# Exercise directions
The answer consists of one number: how many lines of the data below include the string "dots".
★ ★ ★ ★
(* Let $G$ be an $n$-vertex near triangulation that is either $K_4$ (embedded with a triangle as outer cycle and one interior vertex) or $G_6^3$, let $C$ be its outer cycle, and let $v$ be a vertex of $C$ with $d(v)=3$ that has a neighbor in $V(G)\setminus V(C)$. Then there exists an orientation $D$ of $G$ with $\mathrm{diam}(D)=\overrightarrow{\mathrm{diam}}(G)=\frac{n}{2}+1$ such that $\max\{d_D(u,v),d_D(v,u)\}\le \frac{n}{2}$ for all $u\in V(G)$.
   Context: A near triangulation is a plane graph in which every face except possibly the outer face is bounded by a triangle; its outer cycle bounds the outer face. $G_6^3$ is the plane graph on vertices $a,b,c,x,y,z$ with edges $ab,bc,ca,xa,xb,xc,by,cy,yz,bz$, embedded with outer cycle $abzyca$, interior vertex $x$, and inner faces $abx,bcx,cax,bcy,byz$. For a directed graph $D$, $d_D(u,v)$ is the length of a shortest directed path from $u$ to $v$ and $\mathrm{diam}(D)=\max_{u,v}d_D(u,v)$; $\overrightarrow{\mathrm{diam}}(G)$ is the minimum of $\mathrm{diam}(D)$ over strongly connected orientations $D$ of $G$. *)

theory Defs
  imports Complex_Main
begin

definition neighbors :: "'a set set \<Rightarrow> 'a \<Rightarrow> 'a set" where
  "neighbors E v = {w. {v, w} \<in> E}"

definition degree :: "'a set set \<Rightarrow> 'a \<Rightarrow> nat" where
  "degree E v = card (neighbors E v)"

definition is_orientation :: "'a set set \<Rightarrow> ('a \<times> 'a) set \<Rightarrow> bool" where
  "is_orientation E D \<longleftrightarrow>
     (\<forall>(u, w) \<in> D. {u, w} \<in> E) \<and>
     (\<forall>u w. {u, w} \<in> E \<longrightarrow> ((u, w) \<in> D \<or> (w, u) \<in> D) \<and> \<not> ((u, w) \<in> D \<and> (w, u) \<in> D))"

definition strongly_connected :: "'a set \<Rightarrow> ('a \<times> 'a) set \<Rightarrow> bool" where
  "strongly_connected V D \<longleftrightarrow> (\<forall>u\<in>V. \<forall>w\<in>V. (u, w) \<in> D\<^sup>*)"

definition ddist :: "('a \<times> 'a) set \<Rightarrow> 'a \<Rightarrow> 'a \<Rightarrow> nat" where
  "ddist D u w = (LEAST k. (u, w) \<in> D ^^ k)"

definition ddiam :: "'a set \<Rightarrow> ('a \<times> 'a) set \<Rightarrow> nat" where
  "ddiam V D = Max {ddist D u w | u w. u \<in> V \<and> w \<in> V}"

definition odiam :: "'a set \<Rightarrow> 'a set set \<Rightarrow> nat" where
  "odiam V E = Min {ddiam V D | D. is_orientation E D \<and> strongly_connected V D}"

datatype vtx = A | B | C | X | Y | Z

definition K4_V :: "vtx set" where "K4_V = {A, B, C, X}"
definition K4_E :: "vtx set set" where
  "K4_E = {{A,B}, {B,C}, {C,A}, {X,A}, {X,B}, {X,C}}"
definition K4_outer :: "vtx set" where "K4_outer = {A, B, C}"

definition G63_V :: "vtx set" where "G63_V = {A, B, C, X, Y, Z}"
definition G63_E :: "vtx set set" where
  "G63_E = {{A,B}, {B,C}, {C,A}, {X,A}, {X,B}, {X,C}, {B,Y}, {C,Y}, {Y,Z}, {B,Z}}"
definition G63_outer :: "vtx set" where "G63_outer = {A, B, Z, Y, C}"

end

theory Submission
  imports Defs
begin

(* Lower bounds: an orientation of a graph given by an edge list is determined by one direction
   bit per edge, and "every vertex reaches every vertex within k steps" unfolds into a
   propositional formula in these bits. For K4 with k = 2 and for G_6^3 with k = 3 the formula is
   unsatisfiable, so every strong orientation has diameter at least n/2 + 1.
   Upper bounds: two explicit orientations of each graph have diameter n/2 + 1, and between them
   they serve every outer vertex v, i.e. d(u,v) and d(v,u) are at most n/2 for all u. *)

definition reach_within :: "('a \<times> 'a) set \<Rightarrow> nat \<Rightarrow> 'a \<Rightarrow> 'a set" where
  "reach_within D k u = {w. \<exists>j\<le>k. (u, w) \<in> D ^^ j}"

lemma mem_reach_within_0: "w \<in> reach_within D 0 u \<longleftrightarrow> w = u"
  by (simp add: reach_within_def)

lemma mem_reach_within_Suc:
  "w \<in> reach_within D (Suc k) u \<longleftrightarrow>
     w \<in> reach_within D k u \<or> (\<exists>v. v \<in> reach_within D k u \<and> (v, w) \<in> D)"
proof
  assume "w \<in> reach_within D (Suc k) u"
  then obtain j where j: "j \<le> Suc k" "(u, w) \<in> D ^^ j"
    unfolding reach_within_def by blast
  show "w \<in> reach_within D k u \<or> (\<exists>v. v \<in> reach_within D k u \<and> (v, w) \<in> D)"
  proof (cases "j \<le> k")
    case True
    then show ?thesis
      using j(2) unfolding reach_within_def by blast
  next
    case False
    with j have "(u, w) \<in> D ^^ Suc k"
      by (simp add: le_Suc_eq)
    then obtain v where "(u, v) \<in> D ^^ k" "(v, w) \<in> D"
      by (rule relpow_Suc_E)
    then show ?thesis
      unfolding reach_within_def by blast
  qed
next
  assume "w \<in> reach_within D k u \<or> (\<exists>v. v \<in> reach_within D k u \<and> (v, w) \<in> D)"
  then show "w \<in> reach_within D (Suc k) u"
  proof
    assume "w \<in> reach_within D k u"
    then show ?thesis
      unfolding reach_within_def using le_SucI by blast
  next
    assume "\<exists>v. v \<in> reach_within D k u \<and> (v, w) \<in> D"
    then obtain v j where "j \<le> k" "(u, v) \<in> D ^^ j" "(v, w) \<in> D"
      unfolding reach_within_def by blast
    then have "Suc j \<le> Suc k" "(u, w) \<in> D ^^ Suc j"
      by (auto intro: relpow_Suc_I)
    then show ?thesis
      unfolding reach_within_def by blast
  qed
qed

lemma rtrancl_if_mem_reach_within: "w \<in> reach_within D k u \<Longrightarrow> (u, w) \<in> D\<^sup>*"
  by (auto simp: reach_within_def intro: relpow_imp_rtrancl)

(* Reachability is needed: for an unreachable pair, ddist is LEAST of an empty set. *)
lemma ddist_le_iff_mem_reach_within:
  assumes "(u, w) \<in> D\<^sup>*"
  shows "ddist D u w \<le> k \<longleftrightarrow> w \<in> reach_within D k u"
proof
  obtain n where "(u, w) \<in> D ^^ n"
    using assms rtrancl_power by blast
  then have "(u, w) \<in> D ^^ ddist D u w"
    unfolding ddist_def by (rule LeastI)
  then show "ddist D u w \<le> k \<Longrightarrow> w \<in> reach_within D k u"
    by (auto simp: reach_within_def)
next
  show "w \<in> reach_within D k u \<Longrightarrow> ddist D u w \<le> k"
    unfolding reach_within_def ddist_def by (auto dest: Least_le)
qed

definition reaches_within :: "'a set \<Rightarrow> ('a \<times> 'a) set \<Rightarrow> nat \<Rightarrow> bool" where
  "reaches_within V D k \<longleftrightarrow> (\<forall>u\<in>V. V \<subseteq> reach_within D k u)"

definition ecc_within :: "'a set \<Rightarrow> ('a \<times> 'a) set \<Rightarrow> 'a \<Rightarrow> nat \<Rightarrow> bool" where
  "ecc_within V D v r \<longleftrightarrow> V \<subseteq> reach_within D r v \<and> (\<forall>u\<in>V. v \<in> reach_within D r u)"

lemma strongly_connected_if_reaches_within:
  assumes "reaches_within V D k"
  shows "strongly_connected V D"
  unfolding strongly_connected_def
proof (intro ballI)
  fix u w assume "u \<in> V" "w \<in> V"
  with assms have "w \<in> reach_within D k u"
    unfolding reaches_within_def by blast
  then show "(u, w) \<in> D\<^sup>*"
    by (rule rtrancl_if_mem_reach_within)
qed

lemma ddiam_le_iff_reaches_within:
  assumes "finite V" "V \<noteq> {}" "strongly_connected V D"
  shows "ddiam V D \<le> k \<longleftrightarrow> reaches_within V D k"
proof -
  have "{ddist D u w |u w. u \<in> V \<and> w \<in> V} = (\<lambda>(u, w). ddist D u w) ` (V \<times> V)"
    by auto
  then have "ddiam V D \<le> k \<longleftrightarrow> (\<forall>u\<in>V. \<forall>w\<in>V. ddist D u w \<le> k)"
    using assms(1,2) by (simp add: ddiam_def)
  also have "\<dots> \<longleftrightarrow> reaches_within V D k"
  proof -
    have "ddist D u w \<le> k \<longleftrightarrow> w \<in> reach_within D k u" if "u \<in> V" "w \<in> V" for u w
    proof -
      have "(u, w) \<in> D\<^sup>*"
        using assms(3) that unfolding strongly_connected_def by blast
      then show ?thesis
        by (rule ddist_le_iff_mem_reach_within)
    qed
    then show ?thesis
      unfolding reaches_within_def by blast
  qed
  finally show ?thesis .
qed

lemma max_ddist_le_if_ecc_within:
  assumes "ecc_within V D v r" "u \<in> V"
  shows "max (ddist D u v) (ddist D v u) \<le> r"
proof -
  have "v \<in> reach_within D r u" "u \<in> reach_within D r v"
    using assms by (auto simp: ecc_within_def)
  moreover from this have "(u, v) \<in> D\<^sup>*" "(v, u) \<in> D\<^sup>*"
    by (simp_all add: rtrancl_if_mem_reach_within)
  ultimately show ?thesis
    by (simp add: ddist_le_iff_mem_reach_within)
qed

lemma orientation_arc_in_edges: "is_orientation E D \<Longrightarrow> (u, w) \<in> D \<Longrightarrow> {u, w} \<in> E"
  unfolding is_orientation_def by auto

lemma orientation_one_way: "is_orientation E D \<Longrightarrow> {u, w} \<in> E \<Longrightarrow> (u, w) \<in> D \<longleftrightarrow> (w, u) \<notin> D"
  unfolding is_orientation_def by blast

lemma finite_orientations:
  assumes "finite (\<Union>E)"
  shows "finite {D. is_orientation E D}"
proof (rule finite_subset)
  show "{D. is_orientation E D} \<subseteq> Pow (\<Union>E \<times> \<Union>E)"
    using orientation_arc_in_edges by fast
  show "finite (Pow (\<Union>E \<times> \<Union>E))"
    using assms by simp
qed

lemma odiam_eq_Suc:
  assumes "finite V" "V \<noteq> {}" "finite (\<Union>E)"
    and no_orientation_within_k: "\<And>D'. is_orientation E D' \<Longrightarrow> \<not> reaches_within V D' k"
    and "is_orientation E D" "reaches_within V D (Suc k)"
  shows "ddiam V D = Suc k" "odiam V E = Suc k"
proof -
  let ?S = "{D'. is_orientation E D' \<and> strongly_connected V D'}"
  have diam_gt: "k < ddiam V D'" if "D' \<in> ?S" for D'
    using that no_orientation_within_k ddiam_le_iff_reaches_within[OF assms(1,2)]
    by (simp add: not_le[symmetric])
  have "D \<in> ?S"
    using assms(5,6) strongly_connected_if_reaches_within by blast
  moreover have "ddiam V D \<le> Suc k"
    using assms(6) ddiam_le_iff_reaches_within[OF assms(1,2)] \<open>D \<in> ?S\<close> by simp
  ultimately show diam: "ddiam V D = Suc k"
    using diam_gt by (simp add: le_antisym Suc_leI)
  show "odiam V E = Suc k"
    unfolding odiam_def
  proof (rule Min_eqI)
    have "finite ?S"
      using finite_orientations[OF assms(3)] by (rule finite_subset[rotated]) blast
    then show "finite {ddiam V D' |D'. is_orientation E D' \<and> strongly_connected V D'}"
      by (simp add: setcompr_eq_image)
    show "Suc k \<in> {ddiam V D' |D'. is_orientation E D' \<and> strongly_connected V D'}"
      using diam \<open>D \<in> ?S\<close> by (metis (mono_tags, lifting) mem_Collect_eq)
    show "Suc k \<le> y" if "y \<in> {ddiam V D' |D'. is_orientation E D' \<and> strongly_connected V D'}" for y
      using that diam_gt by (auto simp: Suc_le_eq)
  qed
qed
★ ★ ★ ★
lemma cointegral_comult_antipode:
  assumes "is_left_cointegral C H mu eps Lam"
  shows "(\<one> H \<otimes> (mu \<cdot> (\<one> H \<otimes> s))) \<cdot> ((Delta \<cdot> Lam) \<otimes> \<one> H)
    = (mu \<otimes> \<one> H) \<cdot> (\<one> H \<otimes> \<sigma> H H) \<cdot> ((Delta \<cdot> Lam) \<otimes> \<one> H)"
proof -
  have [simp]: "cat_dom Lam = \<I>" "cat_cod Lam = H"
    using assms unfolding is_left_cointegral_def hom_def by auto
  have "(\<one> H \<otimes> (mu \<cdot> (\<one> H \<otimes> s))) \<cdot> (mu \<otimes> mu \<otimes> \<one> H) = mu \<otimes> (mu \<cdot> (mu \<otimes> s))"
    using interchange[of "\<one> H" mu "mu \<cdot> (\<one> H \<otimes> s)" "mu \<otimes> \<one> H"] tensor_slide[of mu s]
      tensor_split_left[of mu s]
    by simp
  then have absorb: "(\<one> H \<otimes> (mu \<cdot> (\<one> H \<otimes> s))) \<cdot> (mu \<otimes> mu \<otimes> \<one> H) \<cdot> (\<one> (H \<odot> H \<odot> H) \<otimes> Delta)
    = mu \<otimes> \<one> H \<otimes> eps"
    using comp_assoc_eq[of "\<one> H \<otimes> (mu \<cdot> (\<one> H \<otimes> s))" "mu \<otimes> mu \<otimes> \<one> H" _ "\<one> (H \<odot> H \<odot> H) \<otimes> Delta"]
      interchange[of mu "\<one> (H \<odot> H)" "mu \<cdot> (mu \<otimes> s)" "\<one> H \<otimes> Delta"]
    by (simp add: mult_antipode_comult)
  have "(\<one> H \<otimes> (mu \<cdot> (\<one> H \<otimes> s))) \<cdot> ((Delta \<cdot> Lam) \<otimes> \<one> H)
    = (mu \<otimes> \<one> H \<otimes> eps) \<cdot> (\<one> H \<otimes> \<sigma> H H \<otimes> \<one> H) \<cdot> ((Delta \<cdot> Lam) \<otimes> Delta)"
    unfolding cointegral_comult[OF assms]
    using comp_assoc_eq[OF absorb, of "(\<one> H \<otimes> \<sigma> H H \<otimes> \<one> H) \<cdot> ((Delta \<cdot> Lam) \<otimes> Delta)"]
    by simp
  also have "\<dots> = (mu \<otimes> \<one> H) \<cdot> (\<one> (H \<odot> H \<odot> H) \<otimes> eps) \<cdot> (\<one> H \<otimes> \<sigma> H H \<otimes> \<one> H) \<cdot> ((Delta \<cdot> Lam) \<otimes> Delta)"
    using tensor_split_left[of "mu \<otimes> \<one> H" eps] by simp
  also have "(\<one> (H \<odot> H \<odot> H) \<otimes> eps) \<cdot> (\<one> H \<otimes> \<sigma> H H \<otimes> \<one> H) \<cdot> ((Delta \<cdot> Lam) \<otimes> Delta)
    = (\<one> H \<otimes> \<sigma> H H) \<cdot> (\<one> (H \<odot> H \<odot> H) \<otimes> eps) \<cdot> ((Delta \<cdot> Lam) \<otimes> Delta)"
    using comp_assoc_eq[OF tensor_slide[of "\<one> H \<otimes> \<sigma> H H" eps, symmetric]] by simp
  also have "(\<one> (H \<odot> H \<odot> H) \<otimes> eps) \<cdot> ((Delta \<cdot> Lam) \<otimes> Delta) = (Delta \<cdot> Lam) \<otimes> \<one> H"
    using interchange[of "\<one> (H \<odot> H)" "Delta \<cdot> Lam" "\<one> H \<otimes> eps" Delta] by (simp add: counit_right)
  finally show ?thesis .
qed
★ ★ ★ ★
# Answer to the exercise
2